En trame de fond, le rapport de la Commission suggère de faire de la pauvreté et de la cohésion sociale les deux grands enjeux du plan d’action.  Dans la lutte à la pauvreté, c’est surtout au niveau de l’emploi que l’on compte agir, puisque l’on reconnait que « les villes de l’agglomération de Montréal ne disposent pas des pouvoirs habilitants pour agir sur cet enjeu systémique complexe ».  Quant à la cohésion sociale, on mise sur le dialogue (bien peu défini) ainsi que sur la culture pour faire des ponts entre les communautés, considérant la compétence des arrondissements sur cet enjeu et la refonte de la Politique culturelle de la ville de Montréal qui devrait, elle aussi, sortir en juin 2017.

Les recommandations se penchent sur la question du leadership de la ville, en séparant là où il est de sa compétence d’agir, des endroits où elle doit plutôt soutenir les réseaux déjà en place. Dans le champ de ses compétences, on considère que les orientations prioritaires de l’agglomération devraient être le logement, la sécurité alimentaire et la mobilité. On y cible les besoins d’augmenter la proportion de logements abordables (incluant logement social et communautaire) et de diminuer la salubrité du parc locatif, la mise en place d’un Conseil des politiques alimentaires et l’utilisation de l’urbanisme pour donner accès à l’alimentation pour toutes et tous, ainsi que l’intégration d’un réflexe du développement social à la STM (incluant accessibilité universelle, tarification sociale, prise en compte des horaires atypiques, etc.). Au niveau de son soutien, la réussite éducative et la réduction des inégalités sociales en santé sont ses deux priorités.

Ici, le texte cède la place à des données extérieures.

lemma comp_eq_iff_eq_inv_comp:
  assumes "bij p"
  shows "p \<circ> r = \<sigma> \<longleftrightarrow> r = inv p \<circ> \<sigma>"
proof
  assume "p \<circ> r = \<sigma>"
  then show "r = inv p \<circ> \<sigma>"
    using bij_is_inj[OF assms] by (metis comp_assoc inv_o_cancel id_comp)
next
  assume "r = inv p \<circ> \<sigma>"
  then show "p \<circ> r = \<sigma>"
    using bij_is_surj[OF assms] by (metis comp_assoc surj_iff id_comp)
qed

lemma gprod_Sig_eq_sum:
  "gprod n (map (Sig n) lams) \<sigma> = (\<Sum>tup\<in>cycle_tuples n lams. of_bool (cycprod (concat tup) = \<sigma>))"
proof (induction lams arbitrary: \<sigma>)
  case Nil
  then show ?case
    by (auto simp: gprod_def gunit_def cycle_tuples_Nil id_def)
next
  case (Cons lam lams)
  let ?P = "{\<tau>. \<tau> permutes {1..n}}"
  let ?L = "cycle_lists n (sorted_list_of_multiset lam)"
  let ?T = "cycle_tuples n lams"
  let ?G = "gprod n (map (Sig n) lams)"
  have perm: "cycprod cs permutes {1..n}" if "cs \<in> ?L" for cs
    using that cycprod_permutes_superset unfolding cycle_lists_def by blast
  have "gprod n (map (Sig n) (lam # lams)) \<sigma> = (\<Sum>\<tau>\<in>?P. Sig n lam \<tau> * ?G (inv \<tau> \<circ> \<sigma>))"
    by (simp add: gprod_def gmult_def)
  also have "\<dots> = (\<Sum>\<tau>\<in>?P. \<Sum>cs\<in>?L. of_bool (cycprod cs = \<tau>) * ?G (inv \<tau> \<circ> \<sigma>))"
    by (simp only: Sig_eq_sum sum_distrib_right)
  also have "\<dots> = (\<Sum>cs\<in>?L. \<Sum>\<tau>\<in>?P. of_bool (cycprod cs = \<tau>) * ?G (inv \<tau> \<circ> \<sigma>))"
    by (rule sum.swap)
  also have "\<dots> = (\<Sum>cs\<in>?L. ?G (inv (cycprod cs) \<circ> \<sigma>))"
  proof (rule sum.cong[OF refl])
    fix cs assume "cs \<in> ?L"
    then have "?P \<inter> {\<tau>. cycprod cs = \<tau>} = {cycprod cs}"
      using perm by auto
    then show "(\<Sum>\<tau>\<in>?P. of_bool (cycprod cs = \<tau>) * ?G (inv \<tau> \<circ> \<sigma>)) = ?G (inv (cycprod cs) \<circ> \<sigma>)"
      by (simp add: finite_permutations)
  qed
  also have "\<dots> = (\<Sum>cs\<in>?L. \<Sum>tup\<in>?T. of_bool (cycprod cs \<circ> cycprod (concat tup) = \<sigma>))"
  proof (rule sum.cong[OF refl])
    fix cs assume "cs \<in> ?L"
    then have "bij (cycprod cs)"
      using perm permutes_bij by blast
    then show "?G (inv (cycprod cs) \<circ> \<sigma>) = (\<Sum>tup\<in>?T. of_bool (cycprod cs \<circ> cycprod (concat tup) = \<sigma>))"
      unfolding Cons.IH by (simp only: comp_eq_iff_eq_inv_comp eq_commute[of "inv (cycprod cs) \<circ> \<sigma>"])
  qed
  also have "\<dots> = (\<Sum>p\<in>?L \<times> ?T. of_bool (cycprod (concat ((\<lambda>(cs, tup). cs # tup) p)) = \<sigma>))"
    by (simp add: sum.cartesian_product cycprod_append split_def)
  also have "\<dots> = (\<Sum>tup\<in>cycle_tuples n (lam # lams). of_bool (cycprod (concat tup) = \<sigma>))"
    unfolding cycle_tuples_Cons by (rule sum.reindex[symmetric, unfolded comp_def]) (auto simp: inj_on_def)
  finally show ?case .
qed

Les recommandations mises également sur différents mécanismes de consultations, que ce soit pour les citoyens ou les organismes communautaires. On cherche à reconnaitre la diversité des communautés et des quartiers en proposant des évaluations des impacts et des adaptations locales de même qu’en insérant une clause impact jeunesse, pour évaluer systématiquement les retombées sur les jeunes, souvent sous-représentés dans les instances décisionnelles.

 

Quelques défis à surveiller

Le principal défi de cette politique sera la distribution des pouvoirs entre la ville et ses arrondissements, souverains dans leurs champs de compétence. Ainsi, on remarquait déjà des disparités dans les politiques de reconnaissance des organismes communautaires. Quel pouvoir ou influence aura donc le nouveau plan d’action?

De même, les recommandations proposent d’ « évaluer la pertinence de se doter d’un cadre de partenariat avec les organismes communautaires » plutôt que de reconnaitre les balises gouvernementales qui assurent l’autonomie des groupes. Dans un contexte où l’on voit de plus en plus d’ingérence et de sous-traitance, le contenu de ce cadre de partenariat devra être étudié avec soin.

Finalement, les recommandations laissent à la politique le soin de déterminer qui participera au comité de suivi du plan d’action. Mais déjà, l’on sait que le milieu communautaire espère y être bien représenté.